- [WORK INSTRUCTIONS]: Within the data below, copy each line where the string "auto" is found.

---------- EXERCISE DATA

lemma const_unit_mult_in_special_root_of_unity_polys:
  assumes "c \<in> {1, -1}" "M \<in> special_root_of_unity_polys"
  shows "[:c:] * M \<in> special_root_of_unity_polys"
proof -
  obtain s S where M: "M = s * (\<Prod>n\<in>S. cyclotomic n)" "s \<in> {1, -1}" "finite S"
      "\<forall>n\<in>S. special_form n"
    using assms(2) by (auto simp: special_root_of_unity_polys_def)
  have "[:c:] * s \<in> {1, -1}" using assms(1) M(2) by (auto simp: one_pCons)
  then show ?thesis using M unfolding special_root_of_unity_polys_def
    by (intro CollectI exI[of _ "[:c:] * s"] exI[of _ S]) (simp add: mult.assoc)
qed

lemma cyclotomic_mult_in_special_root_of_unity_polys:
  assumes "M \<in> special_root_of_unity_polys"
  obtains B where "\<And>n. n > B \<Longrightarrow> special_form n \<Longrightarrow> cyclotomic n * M \<in> special_root_of_unity_polys"
proof -
  obtain s S where M: "M = s * (\<Prod>n\<in>S. cyclotomic n)" "s \<in> {1, -1}" "finite S"
      "\<forall>n\<in>S. special_form n"
    using assms by (auto simp: special_root_of_unity_polys_def)
  have "cyclotomic n * M \<in> special_root_of_unity_polys" if "n > Max (insert 0 S)" "special_form n" for n
  proof -
    have "n \<notin> S" using that(1) M(3) by (auto dest: Max_ge[of "insert 0 S" n])
    then have "cyclotomic n * M = s * (\<Prod>n\<in>insert n S. cyclotomic n)"
      using M(1,3) by (simp add: ac_simps)
    then show ?thesis using M that(2) unfolding special_root_of_unity_polys_def
      by (intro CollectI exI[of _ s] exI[of _ "insert n S"]) simp
  qed
  then show ?thesis by (rule that)
qed
(* Let $R$ be a principal ideal domain, $M$ a faithful primeful $R$-module having at least one prime submodule, $X=\mathrm{Spec}(M)$, $N$ an $R$-module, $K\le M$, and $U=X\setminus V(K)$. Then there exists $a\in R$ such that $\mathcal{A}(N,M)(U)\cong N_a$.
   Context: For a submodule $L$ of an $R$-module $M$, $(L:M)=\{r\in R\mid rM\subseteq L\}$. A submodule $P$ of $M$ is prime if $P\neq M$ and whenever $rm\in P$ ($r\in R$, $m\in M$) then $r\in (P:M)$ or $m\in P$. $\mathrm{Spec}(M)$ is the set of prime submodules. $M$ is faithful if $\mathrm{Ann}_R(M)=0$; primeful if $M=0$ or $\mathrm{Spec}(M)\to\mathrm{Spec}(R/\mathrm{Ann}(M))$, $P\mapsto(P:M)/\mathrm{Ann}(M)$, is surjective. For $L\le M$, $V(L)=\{P\in X\mid (P:M)\supseteq (L:M)\}$; these are the closed sets of the Zariski topology. For open $U\subseteq X$, $\mathrm{Supp}(U)=\{(P:M)\mid P\in U\}$. $\mathcal{A}(N,M)(U)$ is the $R$-module of families $(\gamma_{\mathfrak p})_{\mathfrak p\in\mathrm{Supp}(U)}\in\prod_{\mathfrak p\in\mathrm{Supp}(U)}N_{\mathfrak p}$ such that for each $Q\in U$ there exist an open neighbourhood $W\subseteq U$ of $Q$ and $s\in R$, $m\in N$ with $s\notin(P:M)$ and $\gamma_{(P:M)}=m/s$ for every $P\in W$. $N_a$ denotes the localization of $N$ at the multiplicative set $\{a^n\mid n\ge0\}$. *)

theory Defs
  imports Main "HOL.Modules"
begin

definition r_ideal :: "'r::comm_ring_1 set \<Rightarrow> bool" where
  "r_ideal I \<longleftrightarrow> 0 \<in> I \<and> (\<forall>x\<in>I. \<forall>y\<in>I. x + y \<in> I) \<and> (\<forall>r. \<forall>x\<in>I. r * x \<in> I)"

definition prime_ideal :: "'r::comm_ring_1 set \<Rightarrow> bool" where
  "prime_ideal p \<longleftrightarrow> r_ideal p \<and> p \<noteq> UNIV \<and> (\<forall>a b. a * b \<in> p \<longrightarrow> a \<in> p \<or> b \<in> p)"

definition is_pid :: "'r::idom itself \<Rightarrow> bool" where
  "is_pid _ \<longleftrightarrow> (\<forall>I::'r set. r_ideal I \<longrightarrow> (\<exists>a. I = range (\<lambda>r. r * a)))"

definition is_module :: "('r::comm_ring_1 \<Rightarrow> 'm::ab_group_add \<Rightarrow> 'm) \<Rightarrow> bool" where
  "is_module sc \<longleftrightarrow> module sc"

definition submod :: "('r::comm_ring_1 \<Rightarrow> 'm::ab_group_add \<Rightarrow> 'm) \<Rightarrow> 'm set \<Rightarrow> bool" where
  "submod sc L \<longleftrightarrow> 0 \<in> L \<and> (\<forall>x\<in>L. \<forall>y\<in>L. x + y \<in> L) \<and> (\<forall>c. \<forall>x\<in>L. sc c x \<in> L)"

text \<open>The module M is the whole type 'm with scalar multiplication sc.\<close>

definition colon :: "('r::comm_ring_1 \<Rightarrow> 'm::ab_group_add \<Rightarrow> 'm) \<Rightarrow> 'm set \<Rightarrow> 'r set" where
  "colon sc L = {r. \<forall>m. sc r m \<in> L}"

definition annih :: "('r::comm_ring_1 \<Rightarrow> 'm::ab_group_add \<Rightarrow> 'm) \<Rightarrow> 'r set" where
  "annih sc = {r. \<forall>m. sc r m = 0}"

definition prime_submodule :: "('r::comm_ring_1 \<Rightarrow> 'm::ab_group_add \<Rightarrow> 'm) \<Rightarrow> 'm set \<Rightarrow> bool" where
  "prime_submodule sc P \<longleftrightarrow> submod sc P \<and> P \<noteq> UNIV \<and>
     (\<forall>r m. sc r m \<in> P \<longrightarrow> r \<in> colon sc P \<or> m \<in> P)"

definition mSpec :: "('r::comm_ring_1 \<Rightarrow> 'm::ab_group_add \<Rightarrow> 'm) \<Rightarrow> 'm set set" where
  "mSpec sc = {P. prime_submodule sc P}"

definition faithful :: "('r::comm_ring_1 \<Rightarrow> 'm::ab_group_add \<Rightarrow> 'm) \<Rightarrow> bool" where
  "faithful sc \<longleftrightarrow> annih sc = {0}"

text \<open>Primeful: M = 0, or P \<mapsto> (P:M)/Ann(M) maps Spec(M) onto Spec(R/Ann(M)). Prime ideals of
  R/Ann(M) are identified with the prime ideals of R containing Ann(M) (correspondence theorem).\<close>
definition primeful :: "('r::comm_ring_1 \<Rightarrow> 'm::ab_group_add \<Rightarrow> 'm) \<Rightarrow> bool" where
  "primeful sc \<longleftrightarrow> (UNIV::'m set) = {0} \<or>
     (\<forall>p. prime_ideal p \<and> annih sc \<subseteq> p \<longrightarrow> (\<exists>P\<in>mSpec sc. colon sc P = p))"

definition zV :: "('r::comm_ring_1 \<Rightarrow> 'm::ab_group_add \<Rightarrow> 'm) \<Rightarrow> 'm set \<Rightarrow> 'm set set" where
  "zV sc L = {P \<in> mSpec sc. colon sc L \<subseteq> colon sc P}"

definition zopen :: "('r::comm_ring_1 \<Rightarrow> 'm::ab_group_add \<Rightarrow> 'm) \<Rightarrow> 'm set set \<Rightarrow> bool" where
  "zopen sc W \<longleftrightarrow> (\<exists>L. submod sc L \<and> W = mSpec sc - zV sc L)"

--------------------

- [TASK ANSWER]:
    using assms(2) by (auto simp: special_root_of_unity_polys_def)
  have "[:c:] * s \<in> {1, -1}" using assms(1) M(2) by (auto simp: one_pCons)
    using assms by (auto simp: special_root_of_unity_polys_def)
    have "n \<notin> S" using that(1) M(3) by (auto dest: Max_ge[of "insert 0 S" n])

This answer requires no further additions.